KubeIntellect tools return "Error: ..." strings in these cases; the LLM typically explains this to the user.
There is no application-level locking or user intent coordination for write operations.

Summary Table¶

Concern	Status	Notes
Concurrent request handling	✅ Safe	FastAPI async; no blocking
Graph state isolation (per user)	✅ Safe	Isolated by `thread_id` in AsyncPostgresSaver
HITL state persistence across restarts	✅ Fixed	AsyncPostgresSaver — durable in Postgres
HITL checkpoints (custom)	✅ Safe	ThreadedConnectionPool; keyed per conversation
Tool registry (PostgreSQL)	✅ Safe	`tool_registry` table; row-level locking; safe across all pods
K8s read operations	✅ Safe	Stateless reads
K8s write/delete conflicts	⚠️ Partial	K8s returns 404/409; no app-level coordination
`reload_dynamic_tools_into_agent` race	⚠️ Issue	Concurrent CodeGenerator completions can race (threading.Lock added)

Multi-replica architecture¶

KubeIntellect is designed for horizontal scaling.
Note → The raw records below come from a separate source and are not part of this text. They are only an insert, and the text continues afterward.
lemma last_filter: "xs \<noteq> [] \<Longrightarrow> P (last xs) \<Longrightarrow> last (filter P xs) = last xs"
  using hd_filter[of "rev xs" P] by (simp add: rev_filter flip: hd_rev)

lemma nth_notin_set_take: "distinct xs \<Longrightarrow> k < length xs \<Longrightarrow> xs ! k \<notin> set (take k xs)"
  by (metis distinct_take id_take_nth_drop not_distinct_conv_prefix)

lemma is_path_iff_successively:
  "is_path V E p \<longleftrightarrow> p \<noteq> [] \<and> distinct p \<and> set p \<subseteq> V \<and> successively (\<lambda>x y. {x, y} \<in> E) p"
  unfolding is_path_def successively_conv_nth by auto

lemma is_path_mono: "is_path V E p \<Longrightarrow> E \<subseteq> E' \<Longrightarrow> is_path V E' p"
  unfolding is_path_def by blast

lemma is_path_take: "is_path V E p \<Longrightarrow> 0 < n \<Longrightarrow> is_path V E (take n p)"
  unfolding is_path_def by (auto dest: in_set_takeD)

lemma is_path_first_entry:
  assumes p: "is_path V E p" and S: "last p \<in> S"
  obtains q where "is_path V E q" "set q \<subseteq> set p" "hd q = hd p" "last q \<in> S"
    "\<forall>x\<in>set (butlast q). x \<notin> S"
proof
  define n where "n = length (takeWhile (\<lambda>x. x \<notin> S) p)"
  have ne: "p \<noteq> []" using p unfolding is_path_def by simp
  have "takeWhile (\<lambda>x. x \<notin> S) p \<noteq> p"
    using S ne last_in_set unfolding takeWhile_eq_all_conv by blast
  then have n: "n < length p"
    unfolding n_def by (metis length_takeWhile_le le_neq_implies_less takeWhile_eq_take take_all)
  show "is_path V E (take (Suc n) p)" using is_path_take[OF p] by simp
  show "set (take (Suc n) p) \<subseteq> set p" by (rule set_take_subset)
  show "hd (take (Suc n) p) = hd p" using ne by simp
  show "last (take (Suc n) p) \<in> S"
    using n nth_length_takeWhile[of "\<lambda>x. x \<notin> S" p] by (simp add: n_def take_Suc_conv_app_nth)
  show "\<forall>x\<in>set (butlast (take (Suc n) p)). x \<notin> S"
    using n by (auto simp: butlast_take n_def simp flip: takeWhile_eq_take dest: set_takeWhileD)
qed

text \<open>The second conjunct strengthens the induction: a path that returns to V1 from outside enters it
  in the separator V1 \<inter> V2, which is a clique of E1 and so supplies the shortcut edge.\<close>
lemma successively_filter_side:
  assumes E1: "\<forall>e\<in>E1. e \<subseteq> V1" and E2: "\<forall>e\<in>E2. e \<subseteq> V2" and K: "is_clique E1 (V1 \<inter> V2)"
  shows "distinct p \<Longrightarrow> successively (\<lambda>x y. {x, y} \<in> E1 \<union> E2) p \<Longrightarrow> last p \<in> V1 \<Longrightarrow> p \<noteq> [] \<Longrightarrow>
    successively (\<lambda>x y. {x, y} \<in> E1) (filter (\<lambda>x. x \<in> V1) p)
    \<and> (hd p \<notin> V1 \<longrightarrow> hd (filter (\<lambda>x. x \<in> V1) p) \<in> V2)"
proof (induction p rule: induct_list012)
  case (3 x y ys)
  define f where "f = filter (\<lambda>x. x \<in> V1) (y # ys)"
  have IH: "successively (\<lambda>x y. {x, y} \<in> E1) f" "y \<notin> V1 \<Longrightarrow> hd f \<in> V2"
    using 3 by (simp_all add: f_def)
  have "last (y # ys) \<in> V1" using "3.prems"(3) by simp
  then have "last (y # ys) \<in> set f" unfolding f_def set_filter using last_in_set by blast
  then have "f \<noteq> []" by auto
  moreover have "set f \<subseteq> V1 \<inter> set (y # ys)" unfolding f_def by auto
  ultimately have f: "f \<noteq> []" "hd f \<in> V1" "hd f \<in> set (y # ys)"
    using hd_in_set[of f] by blast+
  have edge: "{x, y} \<in> E1 \<union> E2" using "3.prems"(2) by simp
  have crossing: "\<And>u w. {u, w} \<in> E1 \<union> E2 \<Longrightarrow> u \<in> V1 \<Longrightarrow> w \<notin> V1 \<Longrightarrow> u \<in> V2"
    using E1 E2 by blast
  show ?case
  proof (cases "x \<in> V1")
    case True
    have "x \<noteq> hd f" using "3.prems"(1) f(3) by auto
    moreover have "hd f = y \<and> {x, y} \<in> E1 \<or> x \<in> V2 \<and> hd f \<in> V2"
      using edge E2 IH(2) crossing[OF edge True] by (cases "y \<in> V1") (auto simp: f_def)
    ultimately have "{x, hd f} \<in> E1"
      using K True f(2) unfolding is_clique_def by blast
    moreover have "filter (\<lambda>x. x \<in> V1) (x # y # ys) = x # f" using True by (simp add: f_def)
    ultimately show ?thesis using True IH(1) f(1) by (simp add: successively_Cons)
  next
    case False
    have "hd f \<in> V2"
      using IH(2) crossing[OF edge[unfolded insert_commute[of x]] _ False] by (cases "y \<in> V1") (auto simp: f_def)
    moreover have "filter (\<lambda>x. x \<in> V1) (x # y # ys) = f" using False by (simp add: f_def)
    ultimately show ?thesis using False IH(1) by simp
  qed
qed simp_all

lemma is_path_filter_side:
  assumes "\<forall>e\<in>E1. e \<subseteq> V1" "\<forall>e\<in>E2. e \<subseteq> V2" "is_clique E1 (V1 \<inter> V2)"
    and p: "is_path V (E1 \<union> E2) p" "last p \<in> V1"
  shows "is_path V1 E1 (filter (\<lambda>x. x \<in> V1) p)"
proof -
  have "p \<noteq> []" "distinct p" "successively (\<lambda>x y. {x, y} \<in> E1 \<union> E2) p"
    using p(1) unfolding is_path_iff_successively by auto
  then have "successively (\<lambda>x y. {x, y} \<in> E1) (filter (\<lambda>x. x \<in> V1) p)"
    using successively_filter_side[OF assms(1-3)] p(2) by blast
  moreover have "last p \<in> set (filter (\<lambda>x. x \<in> V1) p)" using \<open>p \<noteq> []\<close> p(2) by simp
  then have "filter (\<lambda>x. x \<in> V1) p \<noteq> []" by (metis empty_iff list.set(1))
  ultimately show ?thesis using \<open>distinct p\<close> unfolding is_path_iff_successively by auto
qed

lemma is_path_other_side:
  assumes E1: "\<forall>e\<in>E1. e \<subseteq> V1" and E2: "\<forall>e\<in>E2. e \<subseteq> V2"
    and p: "is_path (V1 \<union> V2) (E1 \<union> E2) p" and hd: "hd p \<notin> V1"
    and butlast: "\<forall>x\<in>set (butlast p). x \<notin> V1"
  shows "is_path V2 E2 p"
proof -
  have ne: "p \<noteq> []" using p unfolding is_path_def by simp
  have early: "p ! i \<notin> V1" if "Suc i < length p" for i
    using butlast that nth_butlast[of i p] nth_mem[of i "butlast p"] by simp
  have edges: "{p ! i, p ! Suc i} \<in> E2" if "Suc i < length p" for i
    using p early[OF that] that E1 unfolding is_path_def by blast
  have "p ! i \<in> V2" if "i < length p" for i
  proof (cases "p ! i \<in> V1")
    case True
    then obtain j where "i = Suc j" using hd ne by (cases i) (auto simp: hd_conv_nth)
    then show ?thesis using edges[of j] that E2 by auto
  next
    case False
    then show ?thesis using p nth_mem[OF that] unfolding is_path_def by auto
  qed
  then show ?thesis using p edges unfolding is_path_def by (auto simp: in_set_conv_nth)
qed

lemma fan_mono: "fan V E v S Ps \<Longrightarrow> E \<subseteq> E' \<Longrightarrow> fan V E' v S Ps"
  unfolding fan_def using is_path_mono by blast

lemma fan_image:
  assumes fan: "fan V E v S Ps" and "v \<notin> S'"
    and f: "\<And>p. p \<in> Ps \<Longrightarrow> is_path V' E' (f p) \<and> set (f p) \<subseteq> set p \<and> hd (f p) = v \<and> last (f p) \<in> S'"
  shows "fan V' E' v S' (f ` Ps)" "card (f ` Ps) = card Ps"
proof -
  have ne: "f p \<noteq> []" if "p \<in> Ps" for p using f[OF that] unfolding is_path_def by simp
  have v: "v \<in> set (f p)" if "p \<in> Ps" for p using f[OF that] hd_in_set[OF ne[OF that]] by simp
  have disj: "set (f p) \<inter> set (f q) \<subseteq> {v}" if "p \<in> Ps" "q \<in> Ps" "p \<noteq> q" for p q
    using fan f that unfolding fan_def by blast
  show "fan V' E' v S' (f ` Ps)"
    unfolding fan_def
  proof (intro conjI ballI impI)
    fix a b assume "a \<in> f ` Ps" "b \<in> f ` Ps" "a \<noteq> b"
    then obtain p q where "p \<in> Ps" "q \<in> Ps" "p \<noteq> q" "a = f p" "b = f q" by blast
    then show "set a \<inter> set b = {v}" using disj v by blast
  qed (use f in auto)
  have "inj_on f Ps"
  proof (rule inj_onI, rule ccontr)
    fix p q assume pq: "p \<in> Ps" "q \<in> Ps" "f p = f q" "p \<noteq> q"
    then have "last (f p) = v" using disj[OF pq(1,2,4)] ne[OF pq(1)] last_in_set by fastforce
    then show False using \<open>v \<notin> S'\<close> f[OF pq(1)] by simp
  qed
  then show "card (f ` Ps) = card Ps" by (rule card_image)
qed

lemma card_fan_le_card:
  assumes fan: "fan V E v S Ps" and "v \<notin> S" "finite S"
  shows "card Ps \<le> card S"
proof -
  have "inj_on last Ps"
  proof (rule inj_onI, rule ccontr)
    fix p q assume pq: "p \<in> Ps" "q \<in> Ps" "last p = last q" "p \<noteq> q"
    then have "p \<noteq> []" "q \<noteq> []" using fan unfolding fan_def is_path_def by auto
    then have "last p \<in> set p \<inter> set q" using pq(3) by (metis IntI last_in_set)
    then have "last p = v" using fan pq unfolding fan_def by blast
    then show False using assms pq unfolding fan_def by auto
  qed
  moreover have "last ` Ps \<subseteq> S" using fan unfolding fan_def by auto
  ultimately show ?thesis using \<open>finite S\<close> card_inj_on_le by blast
qed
The following design decisions enable safe multi-pod deployments:

LangGraph state in PostgreSQL (AsyncPostgresSaver) — durable across restarts; HITL resume works across pod boundaries.
Runtime-tools PVC as ReadWriteMany (Azure Files via azurefile-csi-retain) — all pods share the same generated tool files.
HPA support — hpa.enabled: true in values-azure.yaml; the Horizontal Pod Autoscaler is pre-configured for production.
Concurrency cap — MAX_CONCURRENT_WORKFLOWS (asyncio.Semaphore) prevents TPM exhaustion under load.
Tool reload lock — threading.Lock in agents.py serialises concurrent reload_dynamic_tools_into_agent() calls.
Tool registry in PostgreSQL — ToolRegistryService uses row-level locking; safe for concurrent writes from multiple pods.